DATA SHOWN START

(* Agrachev–Gamkrelidze monomial bases of the free pre-Lie algebra with one generator $(\mathcal{T},\to)$ are tree-grounded. Precisely: define sets of monomials $\mathcal{M}_n$ recursively by $\mathcal{M}_1=\{\bullet\}$ and, given $\mathcal{M}_1,\dots,\mathcal{M}_{n-1}$ with a total order on $\mathcal{M}_1\sqcup\dots\sqcup\mathcal{M}_{n-1}$ which restricts to an arbitrary total order on each $\mathcal{M}_j$ and satisfies $x>x'$ whenever $x\in\mathcal{M}_j$, $x'\in\mathcal{M}_{j'}$, $j>j'$, $$\mathcal{M}_n=\Big\{x_1\to\big(x_2\to(\cdots\to(x_r\to\bullet)\cdots)\big)\ \Big|\ r\ge 1,\ x_k\in\mathcal{M}_{j_k},\ \textstyle\sum_{k=1}^r j_k=n-1,\ x_1\ge x_2\ge\cdots\ge x_r\Big\}.$$ Then for every $n\ge 1$, replacing the grafting $\to$ by the Butcher product $\circ\!\!\rightarrow$ in each monomial of $\mathcal{M}_n$ yields every non-planar rooted tree with $n$ vertices exactly once.
   Context: $\mathcal{T}$ is the vector space spanned by non-planar rooted trees; $\bullet$ is the one-vertex tree. The grafting $s\to t=\sum_{v\in V(t)}s\to_v t$ (graft the root of $s$ by a new edge onto vertex $v$ of $t$) makes $\mathcal{T}$ the free pre-Lie algebra on $\bullet$, graded by number of vertices. $B_+(t_1\cdots t_k)$ denotes the tree obtained by attaching the roots of $t_1,\dots,t_k$ to a new root; the Butcher product is $s\circ\!\!\rightarrow B_+(t_1\cdots t_k)=B_+(s\,t_1\cdots t_k)$. A monomial is a parenthesized word in $\bullet$ and one binary operation; its lower-energy term is its evaluation with the Butcher product. A monomial basis (set of monomials whose grafting-evaluations form a basis) of the degree-$n$ component is tree-grounded if its lower-energy terms are exactly the rooted trees with $n$ vertices, each once. *)

theory Defs
  imports Main "HOL-Library.Multiset"
begin

text \<open>Non-planar rooted trees: a root together with a multiset of subtrees.\<close>
datatype rtree = Node "rtree multiset"

definition bullet :: rtree where "bullet = Node {#}"

primrec nverts :: "rtree \<Rightarrow> nat" where
  "nverts (Node M) = Suc (sum_mset (image_mset nverts M))"

fun butcher :: "rtree \<Rightarrow> rtree \<Rightarrow> rtree" where
  "butcher s (Node M) = Node (add_mset s M)"

text \<open>Monomials: parenthesized words in the generator and one binary operation;
  Op a b stands for a \<rightarrow> b.\<close>
datatype mono = Gen | Op mono mono

primrec lower_energy :: "mono \<Rightarrow> rtree" where
  "lower_energy Gen = bullet"
| "lower_energy (Op a b) = butcher (lower_energy a) (lower_energy b)"

definition right_comb :: "mono list \<Rightarrow> mono" where
  "right_comb xs = foldr Op xs Gen"

text \<open>Agrachev--Gamkrelidze families: M n for n \<ge> 1 together with a total order R
  (pairs (a,b) meaning a \<le> b) on the union of all M j, j \<ge> 1, which is compatible with degree.\<close>
definition AG_family :: "(nat \<Rightarrow> mono set) \<Rightarrow> mono rel \<Rightarrow> bool" where
  "AG_family M R \<longleftrightarrow>
     linear_order_on (\<Union>j\<in>{1..}. M j) R
   \<and> (\<forall>j j' x x'. 1 \<le> j' \<and> j' < j \<and> x \<in> M j \<and> x' \<in> M j' \<longrightarrow> (x', x) \<in> R \<and> x \<noteq> x')
   \<and> M 1 = {Gen}
   \<and> (\<forall>n\<ge>2. M n =
        {right_comb xs | xs js. xs \<noteq> [] \<and> length js = length xs
           \<and> (\<forall>k<length xs. 1 \<le> js ! k \<and> xs ! k \<in> M (js ! k))
           \<and> sum_list js = n - 1
           \<and> sorted_wrt (\<lambda>a b. (b, a) \<in> R) xs})"

end

theory Submission
  imports Defs
begin

text \<open>A monomial of degree n \<ge> 2 is a right comb over a non-increasing list of monomials of
  smaller degree, and its lower-energy term is the tree whose root carries the multiset of the
  lower-energy terms of the list entries. A tree with n vertices is exactly a root carrying a
  multiset of trees with n - 1 vertices in total, and a multiset over a totally ordered set is
  the multiset of exactly one non-increasing list. Hence, by induction on n, lower_energy is a
  bijection from the degree-n monomials onto the trees with n vertices.\<close>

lemma sorted_wrt_mset_unique:
  assumes antisym: "\<And>a b. P a b \<Longrightarrow> P b a \<Longrightarrow> a = b"
    and "sorted_wrt P xs" and "sorted_wrt P ys" and "mset xs = mset ys"
  shows "xs = ys"
  using assms(2-4)
proof (induction xs arbitrary: ys)
  case Nil
  then show ?case by simp
next
  case (Cons a xs)
  then obtain b ys' where ys: "ys = b # ys'"
    by (cases ys) auto
  have "a = b"
  proof (rule ccontr)
    assume "a \<noteq> b"
    moreover have "a \<in> set ys" and "b \<in> set (a # xs)"
      using Cons.prems(3) ys by (metis list.set_intros(1) mset_eq_setD)+
    ultimately have "P b a" and "P a b"
      using Cons.prems(1,2) ys by auto
    with \<open>a \<noteq> b\<close> show False
      using antisym by blast
  qed
  with Cons.prems ys show ?case
    using Cons.IH by simp
qed

lemma sorted_wrt_insert_exists:
  assumes "transp P" and total: "\<forall>a\<in>D. \<forall>b\<in>D. P a b \<or> P b a"
    and "x \<in> D" and "set ys \<subseteq> D" and "sorted_wrt P ys"
  shows "\<exists>zs. mset zs = add_mset x (mset ys) \<and> sorted_wrt P zs"
  using assms(4,5)
proof (induction ys)
  case Nil
  show ?case by (intro exI[of _ "[x]"]) simp
next
  case (Cons y ys)
  show ?case
  proof (cases "P x y")
    case True
    with Cons.prems \<open>transp P\<close> have "sorted_wrt P (x # y # ys)"
      by (auto dest: transpD)
    then show ?thesis by (intro exI[of _ "x # y # ys"]) simp
  next
    case False
    with total \<open>x \<in> D\<close> Cons.prems(1) have "P y x" by auto
    obtain zs where zs: "mset zs = add_mset x (mset ys)" "sorted_wrt P zs"
      using Cons by auto
    then have "set zs = insert x (set ys)"
      by (metis set_mset_add_mset_insert set_mset_mset)
    with zs \<open>P y x\<close> Cons.prems(2) have "sorted_wrt P (y # zs)" by auto
    with zs(1) show ?thesis by (intro exI[of _ "y # zs"]) simp
  qed
qed

lemma sorted_wrt_exists_mset:
  assumes "transp P" and "\<forall>a\<in>D. \<forall>b\<in>D. P a b \<or> P b a" and "set_mset X \<subseteq> D"
  shows "\<exists>xs. mset xs = X \<and> sorted_wrt P xs"
  using assms(3)
proof (induction X)
  case empty
  show ?case by simp
next
  case (add x X)
  then obtain ys where "mset ys = X" "sorted_wrt P ys" by auto
  with add.prems show ?case
    using sorted_wrt_insert_exists[OF assms(1,2), of x ys] by auto
qed

lemma image_mset_inj_on_eq:
  assumes "inj_on f D" and "set_mset A \<subseteq> D" and "set_mset B \<subseteq> D"
    and "image_mset f A = image_mset f B"
  shows "A = B"
proof -
  have "inj_on f (set_mset A \<union> set_mset B)"
    by (rule inj_on_subset[OF assms(1)]) (use assms(2,3) in auto)
  then show ?thesis
    using image_mset_eq_image_mset_plusD[of f A B "{#}"] assms(4) by auto
qed

lemma ex_preimage_mset:
  assumes "set_mset T \<subseteq> f ` D"
  shows "\<exists>X. set_mset X \<subseteq> D \<and> image_mset f X = T"
proof (intro exI conjI)
  show "set_mset (image_mset (inv_into D f) T) \<subseteq> D"
    using assms by (auto intro: inv_into_into)
  have "image_mset (f \<circ> inv_into D f) T = image_mset id T"
    using assms by (intro image_mset_cong) (auto intro: f_inv_into_f)
  then show "image_mset f (image_mset (inv_into D f) T) = T"
    by (simp add: multiset.map_comp)
qed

DATA SHOWN END

*ACTIVITY:* Gather from the entries above all lines that include the string "lemma".

*OUTPUT:*
lemma sorted_wrt_mset_unique:
lemma sorted_wrt_insert_exists:
lemma sorted_wrt_exists_mset:
lemma image_mset_inj_on_eq:
lemma ex_preimage_mset:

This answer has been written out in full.